Nepali language in this sense becomes a complex case. It is like any other language used in Nepal and so cannot be one and only national language and subsume Nepal’s national identity because it is a language not only enshrined in India’s eighth schedule and spoken by about the same number of people as a mother tongue as in Nepal but also, as many ethnic activists claim, it used to be called Khas Bhasha. But because it has been in use for official purposes for so long, it can be a functional language if the Constituent Assembly, after debate and deliberation, decides to adopt it. Nepal does not need to make the same mistake that India did by adopting painfully and divisively Hindi as the national language. A multilingual nation can and should function in multiple languages if people have respect for each other and each other’s culture. If they do not have respect for each other and each other’s language and culture and feel either dominant or marginalized, they can cause violence for any strands of difference in others.

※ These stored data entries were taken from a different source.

(* Let $F\langle X\rangle$ be an MN-algebra and let $A$ be a PI-algebra. If the completion $C\left(F\langle X\rangle/Id(A)\right)$ of the quotient normed algebra $F\langle X\rangle/Id(A)$ (with the quotient norm $\|f+Id(A)\|=\inf\{\|f+g\|: g\in Id(A)\}$) is nil, then $A$ is nilpotent.
   Context: All algebras are non-unitary associative over $F\in\{\mathbb{R},\mathbb{C}\}$. A normed algebra has a norm with $\|ab\|\le\|a\|\|b\|$; $C(B)$ denotes its completion. $F\langle X\rangle$ is the free non-unitary associative algebra over $F$ on $X=\{x_1,x_2,\dots\}$. For $f=f(x_1,\dots,x_n)$, $f^{(d_1,\dots,d_n)}$ denotes its multihomogeneous component of multidegree $(d_1,\dots,d_n)$ (the sum of terms whose monomials contain each $x_i$ exactly $d_i$ times). A norm on $F\langle X\rangle$ is multihomogeneous if $\|f^{(d_1,\dots,d_n)}\|\le\|f\|$ for all $f$ and all multidegrees; $F\langle X\rangle$ is an MN-algebra if it is a normed algebra for a multihomogeneous norm. $Id(A)$ is the set of polynomial identities of $A$ (polynomials $f$ with $f(a_1,\dots,a_m)=0$ for all $a_i\in A$); $A$ is PI if $Id(A)\ne\{0\}$. In this setting $Id(A)$ is a closed ideal so the quotient norm makes $F\langle X\rangle/Id(A)$ a normed algebra. Nil: every element nilpotent; nilpotent: all products of some fixed length $n$ vanish. *)

theory Defs
  imports Complex_Main
begin

text \<open>An algebra A is a type of class ring (Isabelle's ring class is associative
  and non-unitary) together with a scalar multiplication.\<close>

definition is_algebra :: "('k::field \<Rightarrow> 'a::ring \<Rightarrow> 'a) \<Rightarrow> bool" where
  "is_algebra smul \<longleftrightarrow>
     (\<forall>c x y. smul c (x + y) = smul c x + smul c y) \<and>
     (\<forall>c d x. smul (c + d) x = smul c x + smul d x) \<and>
     (\<forall>c d x. smul (c * d) x = smul c (smul d x)) \<and>
     (\<forall>x. smul 1 x = x) \<and>
     (\<forall>c x y. smul c (x * y) = smul c x * y) \<and>
     (\<forall>c x y. smul c (x * y) = x * smul c y)"

text \<open>Product of a nonempty list (no unit available).\<close>
fun nprod :: "'a::semigroup_mult list \<Rightarrow> 'a" where
  "nprod [] = undefined"
| "nprod [x] = x"
| "nprod (x # y # xs) = x * nprod (y # xs)"

text \<open>A polynomial is a finitely supported function from words (lists of variable
  indices) to coefficients, with zero coefficient on the empty word.\<close>

definition FX :: "(nat list \<Rightarrow> 'k::zero) set" where
  "FX = {f. finite {w. f w \<noteq> 0} \<and> f [] = 0}"

definition padd :: "(nat list \<Rightarrow> 'k::plus) \<Rightarrow> (nat list \<Rightarrow> 'k) \<Rightarrow> (nat list \<Rightarrow> 'k)" where
  "padd f g = (\<lambda>w. f w + g w)"

definition psub :: "(nat list \<Rightarrow> 'k::minus) \<Rightarrow> (nat list \<Rightarrow> 'k) \<Rightarrow> (nat list \<Rightarrow> 'k)" where
  "psub f g = (\<lambda>w. f w - g w)"

definition pscale :: "'k::times \<Rightarrow> (nat list \<Rightarrow> 'k) \<Rightarrow> (nat list \<Rightarrow> 'k)" where
  "pscale c f = (\<lambda>w. c * f w)"

text \<open>Multiplication: concatenation of monomials, extended bilinearly.\<close>
definition pmul :: "(nat list \<Rightarrow> 'k::comm_semiring_0) \<Rightarrow> (nat list \<Rightarrow> 'k) \<Rightarrow> (nat list \<Rightarrow> 'k)" where
  "pmul f g = (\<lambda>w. \<Sum>i\<le>length w. f (take i w) * g (drop i w))"

text \<open>Positive powers: ppow f k = f^(k+1).\<close>
fun ppow :: "(nat list \<Rightarrow> 'k::comm_semiring_0) \<Rightarrow> nat \<Rightarrow> (nat list \<Rightarrow> 'k)" where
  "ppow f 0 = f"
| "ppow f (Suc k) = pmul f (ppow f k)"

text \<open>Multihomogeneous component of multidegree d (d i = degree in x_i).\<close>
definition mhcomp :: "(nat \<Rightarrow> nat) \<Rightarrow> (nat list \<Rightarrow> 'k::zero) \<Rightarrow> (nat list \<Rightarrow> 'k)" where
  "mhcomp d f = (\<lambda>w. if (\<forall>i. count_list w i = d i) then f w else 0)"

text \<open>N is a multihomogeneous algebra norm on F<X> (F<X> is an MN-algebra).\<close>
definition MN_norm :: "((nat list \<Rightarrow> 'k::real_normed_field) \<Rightarrow> real) \<Rightarrow> bool" where
  "MN_norm N \<longleftrightarrow>
     (\<forall>f\<in>FX. N f \<ge> 0) \<and>
     (\<forall>f\<in>FX. N f = 0 \<longleftrightarrow> f = (\<lambda>_. 0)) \<and>
     (\<forall>f\<in>FX. \<forall>g\<in>FX. N (padd f g) \<le> N f + N g) \<and>
     (\<forall>f\<in>FX. \<forall>c. N (pscale c f) = norm c * N f) \<and>
     (\<forall>f\<in>FX. \<forall>g\<in>FX. N (pmul f g) \<le> N f * N g) \<and>
     (\<forall>f\<in>FX. \<forall>d. N (mhcomp d f) \<le> N f)"

definition peval :: "('k::field \<Rightarrow> 'a::ring \<Rightarrow> 'a) \<Rightarrow> (nat \<Rightarrow> 'a) \<Rightarrow> (nat list \<Rightarrow> 'k) \<Rightarrow> 'a" where
  "peval smul \<phi> f = (\<Sum>w\<in>{w. f w \<noteq> 0}. smul (f w) (nprod (map \<phi> w)))"

definition Id_alg :: "('k::field \<Rightarrow> 'a::ring \<Rightarrow> 'a) \<Rightarrow> (nat list \<Rightarrow> 'k) set" where
  "Id_alg smul = {f\<in>FX. \<forall>\<phi>. peval smul \<phi> f = 0}"

definition is_PI :: "('k::field \<Rightarrow> 'a::ring \<Rightarrow> 'a) \<Rightarrow> bool" where
  "is_PI smul \<longleftrightarrow> Id_alg smul \<noteq> {\<lambda>_. 0}"

definition qnorm :: "((nat list \<Rightarrow> 'k::real_normed_field) \<Rightarrow> real) \<Rightarrow> (nat list \<Rightarrow> 'k) set
                     \<Rightarrow> (nat list \<Rightarrow> 'k) \<Rightarrow> real" where
  "qnorm N I f = (INF g\<in>I. N (padd f g))"

text \<open>The completion C(B) of B = F<X>/I is realised (standard construction) as
  Cauchy sequences in B modulo null sequences; products are computed
  termwise. So C(B) is nil iff for every Cauchy sequence (a n) in B there is a
  k \<ge> 1 with a_n^k \<rightarrow> 0 in B. Elements of B are represented by polynomials.\<close>
definition completion_nil :: "((nat list \<Rightarrow> 'k::real_normed_field) \<Rightarrow> real) \<Rightarrow> (nat list \<Rightarrow> 'k) set \<Rightarrow> bool" where
  "completion_nil N I \<longleftrightarrow>
     (\<forall>a :: nat \<Rightarrow> (nat list \<Rightarrow> 'k).
        (\<forall>n. a n \<in> FX) \<and>
        (\<forall>e>0. \<exists>M. \<forall>m\<ge>M. \<forall>n\<ge>M. qnorm N I (psub (a m) (a n)) < e)
        \<longrightarrow> (\<exists>k. (\<lambda>n. qnorm N I (ppow (a n) k)) \<longlonglongrightarrow> 0))"

definition nilpotent_alg :: "'a::ring itself \<Rightarrow> bool" where
  "nilpotent_alg _ \<longleftrightarrow> (\<exists>n>0. \<forall>xs::'a list. length xs = n \<longrightarrow> nprod xs = 0)"

end

theory Submission
  imports Defs
begin

text \<open>Nilness of the completion, applied to the constant sequence x_i, puts some power
  x_i^(k+1) into the closure of Id(A). Since the norm is multihomogeneous, projecting
  x_i^(k+1) + g, where g is an identity with N(x_i^(k+1) + g) < N(x_i^(k+1))/2, onto the
  multidegree of x_i^(k+1) shows that the coefficient of x_i^(k+1) in g is nonzero. Substituting
  x_i := \<lambda>a and all other variables := 0, and separating the powers of \<lambda> (a Vandermonde
  argument, F has characteristic 0), gives a^(k+1) = 0 for all a \<in> A. So A is nil of
  bounded index, and the Nagata-Higman theorem makes it nilpotent: linearising
  x^(n+1) \<in> I gives \<Sum>_i x^i y x^(n-i) \<in> I, which yields x^n z y^n \<in> I; modulo the ideal
  generated by I and all n-th powers one inducts on n, doubling the length bound.\<close>

section \<open>Powers in rings without unit\<close>

text \<open>lpow x i w = x^i w and rpow x i w = w x^i are meaningful also for i = 0;
  npow x n is x^(n+1).\<close>

definition lpow :: "'a::ring \<Rightarrow> nat \<Rightarrow> 'a \<Rightarrow> 'a" where
  "lpow x i = ((*) x) ^^ i"

definition rpow :: "'a::ring \<Rightarrow> nat \<Rightarrow> 'a \<Rightarrow> 'a" where
  "rpow x i = (\<lambda>z. z * x) ^^ i"

definition npow :: "'a::ring \<Rightarrow> nat \<Rightarrow> 'a" where
  "npow x n = lpow x n x"

lemma lpow_0 [simp]: "lpow x 0 w = w"
  by (simp add: lpow_def)

lemma rpow_0 [simp]: "rpow x 0 w = w"
  by (simp add: rpow_def)

lemma lpow_Suc: "lpow x (Suc i) w = x * lpow x i w"
  by (simp add: lpow_def)

lemma rpow_Suc: "rpow x (Suc i) w = rpow x i w * x"
  by (simp add: rpow_def)

lemma lpow_Suc_right: "lpow x (Suc i) w = lpow x i (x * w)"
  by (simp add: lpow_def funpow_Suc_right del: funpow.simps)

lemma lpow_mult: "lpow x i (a * b) = lpow x i a * b"
  by (induction i) (simp_all add: lpow_Suc mult.assoc)

lemma rpow_mult: "rpow x i (a * b) = a * rpow x i b"
  by (induction i) (simp_all add: rpow_Suc mult.assoc)

lemma rpow_mult_eq_mult_lpow: "rpow y j z * a = z * lpow y j a"
  by (induction j arbitrary: a) (simp_all add: rpow_Suc mult.assoc lpow_Suc_right lpow_mult)

lemma lpow_rpow_commute: "lpow x i (rpow y j w) = rpow y j (lpow x i w)"
  by (induction i) (simp_all add: lpow_Suc rpow_mult)

lemma rpow_rpow: "rpow y a (rpow y b w) = rpow y (a + b) w"
  by (simp add: rpow_def funpow_add)

lemma lpow_sum: "lpow x i (sum f A) = (\<Sum>a\<in>A. lpow x i (f a))"
  by (induction i) (simp_all add: lpow_Suc sum_distrib_left)

lemma rpow_sum: "rpow x i (sum f A) = (\<Sum>a\<in>A. rpow x i (f a))"
  by (induction i) (simp_all add: rpow_Suc sum_distrib_right)

lemma npow_0 [simp]: "npow x 0 = x"
  by (simp add: npow_def)

lemma npow_Suc: "npow x (Suc k) = x * npow x k"
  by (simp add: npow_def lpow_Suc)

lemma lpow_Suc_eq_npow_mult: "lpow x (Suc m) w = npow x m * w"
  by (simp add: npow_def lpow_Suc_right lpow_mult)

lemma rpow_Suc_eq_mult_npow: "rpow x (Suc m) w = w * npow x m"
  by (simp add: rpow_Suc rpow_mult_eq_mult_lpow npow_def)

lemma nprod_append: "xs \<noteq> [] \<Longrightarrow> ys \<noteq> [] \<Longrightarrow> nprod (xs @ ys) = nprod xs * nprod ys"
proof (induction xs rule: nprod.induct)
  case (2 x)
  then show ?case by (cases ys) auto
next
  case (3 x y xs)
  then show ?case by (simp add: mult.assoc)
qed simp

Many among those who have so far been the beneficiaries of Nepal’s hill high caste ideology have worked with other ethnic groups to usher Nepal to democracy and republicanism. Save for the Maoists, they may not have intended for the ethnic cauldron to come to full boil but credit must go to them as well for making ethnic politics possible. The rest of the hill high castes also need to understand and accept this paradigm shift in Nepal’s identity and sovereignty and, if not lead, join the change for a new Nepal in order to stake their claim for pluralism rather than ethnocentrism. And those who have felt dispossessed and discriminated need to understand that only within democracy have they been able to agitate freely, and even draw blood, for their cause, and only the survival of democracy can enable them to achieve their goal of ethnic rights and justice through dialogue, negotiations and at times agitations as legitimate means of asserting their demands. Even though violence has been often effective in advancing political agendas for many in Nepal, for violence to be effective it needs to know when to stop. Otherwise, violence will invite and produce unending cycle of violence and consume every positive gain made for democracy and inclusiveness. Examples are too numerous all over the world to include here. While a losing or disgruntled leader or group may continue to indulge in violence as a means to gain prominence, only dialogue and negotiation can ultimately bring empowerment for the marginalized groups. And, therefore, it is equally important for these marginalized groups to band together to turn the remaining violent groups into peaceful participants.